Изменить стиль страницы

– Тогда он, конечно, выдумал это и наговорил с три короба от страха перед мучениями, которыми ему пригрозили, – воскликнул Лесток, – с целью выгородить самого себя, чтобы все подозрения и всю вину свалить на меня одного. Разве это люди? Этот Шапьюзо, как же быстро он позабыл мои благодеяния! Он ведь был ничтожеством – бедный, понукаемый офицерами сержант, а я продвинул его по службе до капитанского чина. А теперь?!

– Это не относится к делу, – продолжала жена Лестока. – Теперь Шапьюзо рассказал такое, что существенно усугубляет твое положение, да вдобавок к тому же шведский министр Вольфеншерна внезапно покинул Петербург. А это еще больно усиливает подозрение. Если ты будешь все отрицать, тебя начнут бить кнутами, станут пытать, в то время как чистосердечное и покаянное признание могло бы спасти нас.
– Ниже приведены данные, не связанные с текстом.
theorem theorem5p5:
  fixes B :: "real^'m^'n"
    and f :: "real^'m \<Rightarrow> real" and gf :: "real^'m \<Rightarrow> real^'m"
    and h :: "real^'n \<Rightarrow> real" and gh :: "real^'n \<Rightarrow> real^'n"
    and TU IV :: "real^'m^'m" and TP IQ :: "real^'n^'n"
    and ustar :: "real^'m" and pstar :: "real^'n"
    and mu_f L_f mu_h L_h mu_fB mu_hB :: real
    and u uh :: "nat \<Rightarrow> real^'m" and p ph :: "nat \<Rightarrow> real^'n"
    and alpha :: "nat \<Rightarrow> real" and k :: nat
  assumes dims: "CARD('n) \<le> CARD('m)"
    and rankB: "rank B = CARD('n)"
    and f_conv: "convex_on UNIV f" and h_conv: "convex_on UNIV h"
    and f_grad: "\<And>x. (f has_derivative (\<lambda>d. gf x \<bullet> d)) (at x)"
    and h_grad: "\<And>x. (h has_derivative (\<lambda>d. gh x \<bullet> d)) (at x)"
    and f_C1: "continuous_on UNIV gf" and h_C1: "continuous_on UNIV gh"
    and f_lip: "\<exists>L. \<forall>x y. norm (gf x - gf y) \<le> L * norm (x - y)"
    and h_lip: "\<exists>L. \<forall>x y. norm (gh x - gh y) \<le> L * norm (x - y)"
    and saddle: "gf ustar + transpose B *v pstar = 0" "B *v ustar - gh pstar = 0"
    and spd: "spd TU" "spd IV" "spd TP" "spd IQ"
    and h_S11: "S11 h gh mu_h L_h TP" and L_h_le: "L_h \<le> 1"
    and f_S11: "S11 f gf mu_f L_f TU" and L_f_le: "L_f \<le> 1"
    and fB_sc: "strongly_convex_wrt
                  (\<lambda>v. f v + 1/2 * (((transpose B ** matrix_inv TP ** B) *v v) \<bullet> v))
                  (\<lambda>v. gf v + (transpose B ** matrix_inv TP ** B) *v v) mu_fB IV"
    and mu_fB_pos: "mu_fB > 0"
    and hB_sc: "strongly_convex_wrt
                  (\<lambda>q. h q + 1/2 * (((B ** matrix_inv TU ** transpose B) *v q) \<bullet> q))
                  (\<lambda>q. gh q + (B ** matrix_inv TU ** transpose B) *v q) mu_hB IQ"
    and mu_hB_pos: "mu_hB > 0"
    and iter: "\<And>j. uh j = u j - matrix_inv TU *v (gf (u j) + transpose B *v p j)"
              "\<And>j. ph j = p j - matrix_inv TP *v (gh (p j) - B *v u j)"
              "\<And>j. u (Suc j) = u j - alpha j *\<^sub>R (matrix_inv IV *v (gf (u j) + transpose B *v ph j))"
              "\<And>j. p (Suc j) = p j - alpha j *\<^sub>R (matrix_inv IQ *v (gh (p j) - B *v uh j))"
  defines "LV2 \<equiv> 2 * ((lip_const (mnorm IV) (mnorm (matrix_inv IV)) (\<lambda>v. gf v + (transpose B ** matrix_inv TP ** B) *v v))\<^sup>2
                     + lambda_max (matrix_inv IQ ** B ** matrix_inv IV ** transpose B) * (lip_const (mnorm IV) (mnorm IV) (\<lambda>v. v - matrix_inv TU *v gf v))\<^sup>2)"
    and "LQ2 \<equiv> 2 * ((lip_const (mnorm IQ) (mnorm (matrix_inv IQ)) (\<lambda>q. gh q + (B ** matrix_inv TU ** transpose B) *v q))\<^sup>2
                     + lambda_max (matrix_inv IQ ** B ** matrix_inv IV ** transpose B) * (lip_const (mnorm IQ) (mnorm IQ) (\<lambda>q. q - matrix_inv TP *v gh q))\<^sup>2)"
    and "E \<equiv> (\<lambda>v q. 1/2 * (mnorm IV (v - ustar))\<^sup>2 + 1/2 * (mnorm IQ (q - pstar))\<^sup>2)"
  assumes alpha_pos: "0 < alpha k"
    and alpha_bound: "alpha k < min (mu_fB / LV2) (mu_hB / LQ2)"
  shows "let delta = min (alpha k * (mu_fB - LV2 * alpha k)) (alpha k * (mu_hB - LQ2 * alpha k))
         in 0 < delta \<and> delta < 1 \<and> E (u (Suc k)) (p (Suc k)) \<le> (1 - delta) * E (u k) (p k)"
proof -
  have smooth: "\<And>x y. bregman f gf y x \<le> 1/2 * (mnorm TU (x - y))\<^sup>2"
    "\<And>x y. bregman h gh y x \<le> 1/2 * (mnorm TP (x - y))\<^sup>2"
    using S11_imp_bregman_le_half f_S11 L_f_le h_S11 L_h_le by blast+
  interpret saddle_point_problem B gf gh TU IV TP IQ ustar pstar
    using spd saddle smooth_convex_cocoercive[OF f_conv f_grad spd(1) smooth(1)]
      smooth_convex_cocoercive[OF h_conv h_grad spd(3) smooth(2)]
    by unfold_locales blast+
  have gradients: "gfB = (\<lambda>v. gf v + (transpose B ** matrix_inv TP ** B) *v v)"
    "ghB = (\<lambda>q. gh q + (B ** matrix_inv TU ** transpose B) *v q)"
    "eU = (\<lambda>v. v - matrix_inv TU *v gf v)" "eP = (\<lambda>q. q - matrix_inv TP *v gh q)"
    by (simp_all add: fun_eq_iff aug_grad_def grad_step_def)
  have constants: "LV2 = LV_sq" "LQ2 = LQ_sq"
    by (simp_all add: assms(29,30) LV_sq_def LQ_sq_def LS_sq_def gradients)
  obtain C D where lipschitz: "C-lipschitz_on UNIV gf" "D-lipschitz_on UNIV gh"
    using f_lip h_lip lipschitz_on_UNIV_if_bound by metis
  have monotone: "\<And>x y. mu_fB * qform IV (x - y) \<le> (gfB x - gfB y) \<bullet> (x - y)"
    "\<And>x y. mu_hB * qform IQ (x - y) \<le> (ghB x - ghB y) \<bullet> (x - y)"
    using strongly_convex_imp_strongly_monotone[OF fB_sc spd(2)]
      strongly_convex_imp_strongly_monotone[OF hB_sc spd(4)] by (simp_all add: gradients)
  note step = linear_convergence_step[OF lipschitz monotone mu_fB_pos mu_hB_pos alpha_pos,
      folded constants, OF alpha_bound]
  from step(1,2) step(3)[where u = "u k" and p = "p k"] show ?thesis
    by (simp add: Let_def assms(31) iter mnorm_power2 spd field_simps)
qed
lemma join_meet_le_meet_join:
  assumes a: "a \<in> L" and b: "b \<in> L" and c: "c \<in> L" and "leq b c"
  shows "leq (join L b (meet L a c)) (meet L (join L b a) c)"
proof -
  have "leq (meet L a c) (join L b a)"
    using leq_trans[OF meet_lower1[OF a c] join_upper2[OF b a]] .
  then show ?thesis
    using assms join_upper1[OF b a] meet_lower2[OF a c]
    by (intro join_least meet_greatest join_closed meet_closed) auto
qed

lemma left_modular_elemD:
  assumes "left_modular_elem L a" "b \<in> L" "c \<in> L" "leq b c"
  shows "meet L (join L b a) c = join L b (meet L a c)"
proof (cases "b = c")
  case True
  have "a \<in> L" using assms(1) unfolding left_modular_elem_def by blast
  then show ?thesis
    using True assms(2) join_upper1 join_closed meet_lower2 meet_closed
    by (simp add: join_absorb1 meet_absorb2)
next
  case False
  then show ?thesis using assms unfolding left_modular_elem_def lt_def by blast
qed

end

section \<open>Doubling a convex set\<close>

locale convex_doubling = finite_lattice L for L +
  fixes C :: "bool list set"
  assumes convex: "convex_in L C" and C_nonempty: "C \<noteq> {}"
begin

abbreviation "I \<equiv> downset L C"
abbreviation "D \<equiv> doubling L C"

lemma C_subset: "C \<subseteq> L"
  using convex unfolding convex_in_def by blast

lemma C_subset_downset: "x \<in> C \<Longrightarrow> x \<in> I"
  unfolding downset_def using C_subset leq_refl by blast

lemma downset_subset: "x \<in> I \<Longrightarrow> x \<in> L"
  unfolding downset_def by auto
lemma first_crossing:
  fixes g :: "'n::finite \<Rightarrow> real \<Rightarrow> real" and h :: "real \<Rightarrow> real"
  assumes t01: "t0 \<le> t1" and cont: "\<And>k. continuous_on {t0..t1} (g k)" "continuous_on {t0..t1} h"
    and start: "\<And>k. g k t0 < h t0" and hit: "h t1 \<le> g j t1"
  obtains ts i where "t0 < ts" "ts \<le> t1" "g i ts = h ts" "\<And>k. g k ts \<le> h ts"
    "\<And>t k. t0 \<le> t \<Longrightarrow> t < ts \<Longrightarrow> g k t < h t"
proof -
  define S where "S = {t\<in>{t0..t1}. \<exists>k. h t \<le> g k t}"
  have closed: "closed S"
  proof -
    have "S = (\<Union>k\<in>UNIV. {t\<in>{t0..t1}. h t \<le> g k t})" unfolding S_def by auto
    moreover have "closed {t\<in>{t0..t1}. h t \<le> g k t}" for k by (intro closed_Collect_le_on cont)
    ultimately show ?thesis by (simp only:) (intro closed_UN ballI, simp_all)
  qed
  have t1S: "t1 \<in> S" unfolding S_def using t01 hit by auto
  have bdd: "bdd_below S" unfolding S_def by (auto intro: bdd_belowI[of _ t0])
  define ts where "ts = Inf S"
  have tsS: "ts \<in> S" unfolding ts_def using closed_contains_Inf[OF _ bdd closed] t1S by blast
  then have ts: "t0 \<le> ts" "ts \<le> t1" unfolding S_def by auto
  have before: "g k t < h t" if "t0 \<le> t" "t < ts" for t k
  proof (rule ccontr)
    assume "\<not> ?thesis"
    then have "h t \<le> g k t" by simp
    then have "t \<in> S" unfolding S_def using that ts by auto
    then have "ts \<le> t" unfolding ts_def by (rule cInf_lower[OF _ bdd])
    then show False using that by simp
  qed
  have ts0: "t0 < ts"
  proof (rule ccontr)
    assume "\<not> t0 < ts"
    then have "ts = t0" using ts by simp
    then obtain k where "h t0 \<le> g k t0" using tsS unfolding S_def by auto
    then show False using start[of k] by simp
  qed
  have at_ts: "g k ts \<le> h ts" for k
  proof -
    have "{t0..<ts} \<subseteq> {t\<in>{t0..t1}. g k t \<le> h t}" using before ts by (auto intro: less_imp_le)
    then have "closure {t0..<ts} \<subseteq> {t\<in>{t0..t1}. g k t \<le> h t}"
      by (intro closure_minimal closed_Collect_le_on cont)
    moreover have "ts \<in> closure {t0..<ts}" using ts0 by simp
    ultimately show ?thesis by blast
  qed
  obtain i where "h ts \<le> g i ts" using tsS unfolding S_def by auto
  with at_ts[of i] have "g i ts = h ts" by simp
  with that ts0 ts(2) at_ts before show ?thesis by blast
qed

text \<open>At a first crossing of the barrier the crossing component is maximal, so its
  derivative is at most \<open>0 < \<epsilon>\<close>.\<close>

lemma component_below_linear_barrier:
  fixes y :: "real \<Rightarrow> real^'n"
  assumes cont: "\<And>j. continuous_on {t0..} (\<lambda>t. y t $ j)"
    and der: "\<And>j t. t0 < t \<Longrightarrow> ((\<lambda>t. y t $ j) has_real_derivative D j t) (at t)"
    and bd: "\<And>j t. t0 < t \<Longrightarrow> D j t \<le> (MAX k. y t $ k) - y t $ j"
    and t01: "t0 \<le> t1" and e: "0 < \<epsilon>"
  shows "y t1 $ j < (MAX k. y t0 $ k) + \<epsilon> * (t1 - t0 + 1)"
proof (rule ccontr)
  assume crossed: "\<not> ?thesis"
  define B where "B t = (MAX k. y t0 $ k) + \<epsilon> * (t - t0 + 1)" for t
  obtain ts i where ts: "t0 < ts" "ts \<le> t1" "y ts $ i = B ts" "\<And>k. y ts $ k \<le> B ts"
    and before: "\<And>t. t0 \<le> t \<Longrightarrow> t < ts \<Longrightarrow> y t $ i < B t"
  proof (rule first_crossing[of t0 t1 "\<lambda>k t. y t $ k" B j])
    show "continuous_on {t0..t1} (\<lambda>t. y t $ k)" for k by (rule continuous_on_subset[OF cont]) auto
    show "continuous_on {t0..t1} B" unfolding B_def by (intro continuous_intros)
    show "y t0 $ k < B t0" for k unfolding B_def using Max_UNIV_ge[of "\<lambda>k. y t0 $ k" k] e
      by (simp only: diff_self add_0_left mult_1_right)
  qed (use t01 crossed B_def in auto)
  have "(MAX k. y ts $ k) \<le> B ts" using ts(4) by (simp add: Max_UNIV_le_iff)
  then have neg: "D i ts - \<epsilon> < 0" using bd[OF ts(1), of i] ts(3) e by linarith
  have "((\<lambda>t. y t $ i - B t) has_real_derivative (D i ts - \<epsilon>)) (at ts)"
    unfolding B_def by (auto intro!: derivative_eq_intros der ts(1))
  from DERIV_neg_dec_left[OF this neg] obtain d where d: "d > 0"
    "\<And>h. h > 0 \<Longrightarrow> h < d \<Longrightarrow> y ts $ i - B ts < y (ts - h) $ i - B (ts - h)" by blast
  define h where "h = min d (ts - t0) / 2"
  have h: "h > 0" "h < d" "t0 \<le> ts - h" "ts - h < ts" unfolding h_def using d(1) ts(1)
    by (auto simp: min_def field_simps)
  have "y (ts - h) $ i < B (ts - h)" using before h(3,4) .
  moreover have "y ts $ i - B ts < y (ts - h) $ i - B (ts - h)" using d(2) h(1,2) .
  ultimately show False using ts(3) by simp
qed

lemma Max_component_nonincreasing:
  fixes y :: "real \<Rightarrow> real^'n"
  assumes cont: "\<And>j. continuous_on {t0..} (\<lambda>t. y t $ j)"
    and der: "\<And>j t. t0 < t \<Longrightarrow> ((\<lambda>t. y t $ j) has_real_derivative D j t) (at t)"
    and bd: "\<And>j t. t0 < t \<Longrightarrow> D j t \<le> (MAX k. y t $ k) - y t $ j"
    and t01: "t0 \<le> t1"
  shows "y t1 $ j \<le> (MAX k. y t0 $ k)"
proof (rule field_le_epsilon)
  fix e :: real assume e: "0 < e"
  have "y t1 $ j < (MAX k. y t0 $ k) + e / (t1 - t0 + 1) * (t1 - t0 + 1)"
    using component_below_linear_barrier[OF cont der bd t01, where \<epsilon>="e / (t1 - t0 + 1)" and j=j]
      e t01
    by simp
  moreover have "e / (t1 - t0 + 1) * (t1 - t0 + 1) = e" using t01 by simp
  ultimately show "y t1 $ j \<le> (MAX k. y t0 $ k) + e" by linarith
qed
lemma Min_sym_diff_mem_if_sorted_list_of_set_less:
  fixes S T :: "'a::linorder set"
  assumes "finite S" "finite T" "card S = card T" "sorted_list_of_set S < sorted_list_of_set T"
  shows "Min (sym_diff S T) \<in> S"
proof (rule ccontr)
  assume "Min (sym_diff S T) \<notin> S"
  moreover have "S \<noteq> T" using assms(4) by auto
  then have "Min (sym_diff S T) \<in> sym_diff S T" using assms(1,2) by (intro Min_in) auto
  ultimately have "Min (sym_diff T S) \<in> T" by (simp add: Un_commute)
  then have "sorted_list_of_set T < sorted_list_of_set S"
    using sorted_list_of_set_less_if_Min_sym_diff assms(1-3) \<open>S \<noteq> T\<close> by metis
  then show False using assms(4) by simp
qed

lemma sorted_list_of_set_exchange_less:
  fixes M N P :: "'a::linorder set"
  assumes "finite M" "finite N" "card (exchange M N P) = card M" "P \<subseteq> sym_diff M N"
    and "a \<in> P" "a \<in> N" "a = Min (sym_diff M N)"
  shows "sorted_list_of_set (exchange M N P) < sorted_list_of_set M"
proof (rule sorted_list_of_set_less_if_Min_sym_diff)
  have "sym_diff (exchange M N P) M = P" using assms(4) by (auto simp: exchange_def)
  moreover have "Min P = a"
    using assms(1,2,4,5,7) by (intro Min_eqI) (auto intro: finite_subset)
  ultimately show "Min (sym_diff (exchange M N P) M) \<in> exchange M N P"
    using assms(5,6) by (simp add: exchange_def)
  show "exchange M N P \<noteq> M" using assms(4-6) by (auto simp: exchange_def)
qed (use assms in \<open>auto simp: exchange_def\<close>)

lemma maximal_arc_through_Min_sym_diff:
  assumes n: "2 \<le> n" and M: "is_matching n M" and N: "is_matching n N"
    and cov: "covered n M \<noteq> covered n N"
  obtains p L where "is_maximal_arc n (sym_diff M N) p L" "Min (sym_diff M N) \<in> arc n p L"
proof -
  have D: "sym_diff M N \<subseteq> {1..n}"
    using is_matching_subset[OF M] is_matching_subset[OF N] by blast
  then have "finite (sym_diff M N)" using finite_subset by blast
  moreover have "sym_diff M N \<noteq> {}" using cov by auto
  ultimately have "Min (sym_diff M N) \<in> sym_diff M N" by (rule Min_in)
  moreover obtain x where "x \<in> {1..n}" "x \<notin> sym_diff M N"
    using covered_eq_if_sym_diff_full[OF n M N] cov by blast
  ultimately show ?thesis using maximal_arc_through[of n "sym_diff M N"] n D that by auto
qed

lemma matching_exchange:
  assumes n: "2 \<le> n" and M: "M \<in> matchings n k" and N: "N \<in> matchings n k"
    and cov: "covered n M \<noteq> covered n N"
    and less: "sorted_list_of_set N < sorted_list_of_set M"
  shows "(\<exists>Q\<in>matchings n (Suc k). covered n Q \<subseteq> covered n M \<union> covered n N)
    \<or> (\<exists>M'\<in>matchings n k. sorted_list_of_set M' < sorted_list_of_set M
         \<and> (\<exists>w\<in>covered n N. covered n M' - covered n M = {w}))"
proof -
  have Mm: "is_matching n M" "card M = k" and Nm: "is_matching n N" "card N = k"
    using M N by (auto simp: matchings_def)
  have fin: "finite M" "finite N"
    using is_matching_subset[OF Mm(1)] is_matching_subset[OF Nm(1)] finite_subset by auto
  obtain p L where A: "is_maximal_arc n (sym_diff M N) p L" "Min (sym_diff M N) \<in> arc n p L"
    using maximal_arc_through_Min_sym_diff[OF n Mm(1) Nm(1) cov] by blast
  define a where "a = Min (sym_diff M N)"
  have "a \<in> N"
    using Min_sym_diff_mem_if_sorted_list_of_set_less[OF fin(2,1)] Nm(2) Mm(2) less
    unfolding a_def by (simp add: Un_commute)
  consider "{cyc n (Suc p), cyc n (p + Suc L)} \<subseteq> covered n N"
    | "{cyc n (Suc p), cyc n (p + Suc L)} \<subseteq> covered n M"
    | "cyc n (Suc p) \<in> covered n N \<longleftrightarrow> cyc n (p + Suc L) \<notin> covered n N"
    using covered_maximal_arc_ends_iff[OF n Mm(1) Nm(1) A(1)] by blast
  then show ?thesis
  proof cases
    case 1
    then have "exchange M N (arc n p L) \<in> matchings n (Suc k)"
      using exchange_maximal_arc_grows[OF n Mm(1) Nm(1) A(1)] Mm(2) by simp
    then show ?thesis using covered_exchange_subset by blast
  next
    case 2
    have "is_maximal_arc n (sym_diff N M) p L" using A(1) by (simp add: Un_commute)
    then have "exchange N M (arc n p L) \<in> matchings n (Suc k)"
      using exchange_maximal_arc_grows[OF n Nm(1) Mm(1)] 2 Nm(2) by simp
    then show ?thesis using covered_exchange_subset by blast
  next
    case 3
    note shift = exchange_maximal_arc_shifts[OF n Mm(1) Nm(1) A(1) 3]
    have "arc n p L \<subseteq> sym_diff M N" using A(1) by (simp add: is_maximal_arc_def)
    then have "sorted_list_of_set (exchange M N (arc n p L)) < sorted_list_of_set M"
      using sorted_list_of_set_exchange_less[OF fin] shift(1) A(2) \<open>a \<in> N\<close> a_def
      by (simp add: matchings_def)
    then show ?thesis using shift Mm(2) by blast
  qed
qed
lemma poly_op_limit_exists:
  assumes Q: "\<And>n t. t \<in> op_spectrum T \<Longrightarrow> \<bar>poly (Q n) t - g t\<bar> \<le> 1 / Suc n"
  obtains B where "bounded_op B" "\<And>n x. norm (poly_op (Q n) T x - B x) \<le> norm x / Suc n"
proof -
  have dist: "norm (poly_op (Q n) T x - poly_op (Q k) T x) \<le> (1 / Suc n + 1 / Suc k) * norm x"
    for n k x
    using Q by (intro poly_op_dist_le)
  define B where "B x = lim (\<lambda>n. poly_op (Q n) T x)" for x
  have "Cauchy (\<lambda>n. poly_op (Q n) T x)" for x
    by (rule Cauchy_of_rate[OF norm_ge_zero[of x]]) (simp only: dist_norm dist)
  then have B: "(\<lambda>n. poly_op (Q n) T x) \<longlonglongrightarrow> B x" for x
    by (simp add: B_def Cauchy_convergent_iff convergent_LIMSEQ_iff)
  have rate: "norm (poly_op (Q n) T x - B x) \<le> norm x / Suc n" for n x
  proof (rule tendsto_le[OF trivial_limit_sequentially])
    show "(\<lambda>k. norm (poly_op (Q n) T x - poly_op (Q k) T x)) \<longlonglongrightarrow> norm (poly_op (Q n) T x - B x)"
      by (intro tendsto_intros B)
    have "(\<lambda>k. (1 / Suc n + 1 / Suc k) * norm x) \<longlonglongrightarrow> (1 / Suc n + 0) * norm x"
      by (intro tendsto_intros LIMSEQ_Suc[OF lim_const_over_n])
    then show "(\<lambda>k. (1 / Suc n + 1 / Suc k) * norm x) \<longlonglongrightarrow> norm x / Suc n"
      by simp
  qed (use dist in simp)
  have "bounded_op B"
    using rate[of 0]
    by (intro bounded_op_pointwise_limit[OF bounded_op_poly_op[OF bounded] B, of 1]) simp
  then show thesis
    using that rate by blast
qed

lemma onorm_poly_op_diff_le:
  assumes B: "bounded_op B" and QB: "\<And>x. norm (poly_op q T x - B x) \<le> c * norm x"
    and q: "\<And>t. t \<in> op_spectrum T \<Longrightarrow> \<bar>poly q t - g t\<bar> \<le> b"
    and p: "\<And>t. t \<in> op_spectrum T \<Longrightarrow> \<bar>poly p t - g t\<bar> \<le> a"
    and "0 \<le> a + b + c"
  shows "onorm (\<lambda>x. poly_op p T x - B x) \<le> a + b + c"
proof (rule onorm_bound)
  show "norm (poly_op p T x - B x) \<le> (a + b + c) * norm x" for x
    using norm_diff_triangle_le[OF poly_op_dist_le[OF p q] QB] by (simp add: algebra_simps)
qed fact

lemma is_cfc_exists:
  assumes "continuous_on {m..M} g"
  obtains B where "is_cfc T g B"
proof -
  obtain Q where "\<And>n t. t \<in> {m..M} \<Longrightarrow> \<bar>poly (Q n) t - g t\<bar> \<le> 1 / Suc n"
    using poly_approximation_rate[OF assms] by blast
  then have Q: "\<And>n t. t \<in> op_spectrum T \<Longrightarrow> \<bar>poly (Q n) t - g t\<bar> \<le> 1 / Suc n"
    using spectrum_subset by blast
  obtain B where B: "bounded_op B" "\<And>n x. norm (poly_op (Q n) T x - B x) \<le> norm x / Suc n"
    using poly_op_limit_exists[OF Q] by blast
  have "(\<lambda>n. onorm (\<lambda>x. poly_op (P n) T x - B x)) \<longlonglongrightarrow> 0"
    if P: "poly_approximates P g (op_spectrum T)" for P
  proof (rule LIMSEQ_I)
    fix e :: real
    assume "e > 0"
    obtain N1 where N1: "\<And>n t. n \<ge> N1 \<Longrightarrow> t \<in> op_spectrum T \<Longrightarrow> \<bar>poly (P n) t - g t\<bar> < e / 4"
      using P \<open>e > 0\<close> unfolding poly_approximates_def
      by (meson zero_less_divide_iff zero_less_numeral)
    obtain N2 :: nat where N2: "4 / e < N2"
      using reals_Archimedean2 by blast
    have "norm (onorm (\<lambda>x. poly_op (P n) T x - B x) - 0) < e" if "n \<ge> max N1 N2" for n
    proof -
      have "4 / e < real (Suc n)"
        using N2 that by simp
      then have small: "1 / real (Suc n) < e / 4"
        using \<open>e > 0\<close> by (simp add: field_simps)
      have "onorm (\<lambda>x. poly_op (P n) T x - B x) \<le> e / 4 + 1 / Suc n + 1 / Suc n"
        using N1 that \<open>e > 0\<close> B(2)[of n]
        by (intro onorm_poly_op_diff_le[OF B(1) _ Q]) (auto simp: less_imp_le mult.commute)
      moreover have "0 \<le> onorm (\<lambda>x. poly_op (P n) T x - B x)"
        by (intro onorm_pos_le bounded_op_bounded_linear bounded_op_diff bounded_op_poly_op
            bounded B)
      ultimately show ?thesis
        using small \<open>e > 0\<close> by simp
    qed
    then show "\<exists>N. \<forall>n\<ge>N. norm (onorm (\<lambda>x. poly_op (P n) T x - B x) - 0) < e"
      by blast
  qed
  with B(1) have "is_cfc T g B"
    by (simp add: is_cfc_def)
  then show thesis
    by (rule that)
qed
– Но ведь мне не в чем признаваться, – в сердцах крикнул Лесток, – ты сама не соображаешь, что говоришь, моя совесть абсолютно чиста. Если они хотят убрать меня с дороги, эти подлецы, эти предатели, для чего им тогда вообще надо мое признание? Они, конечно, могут отрубить мне голову, но моя кровь будет на них, а царица слишком поздно узнает, что потеряла своего единственного друга.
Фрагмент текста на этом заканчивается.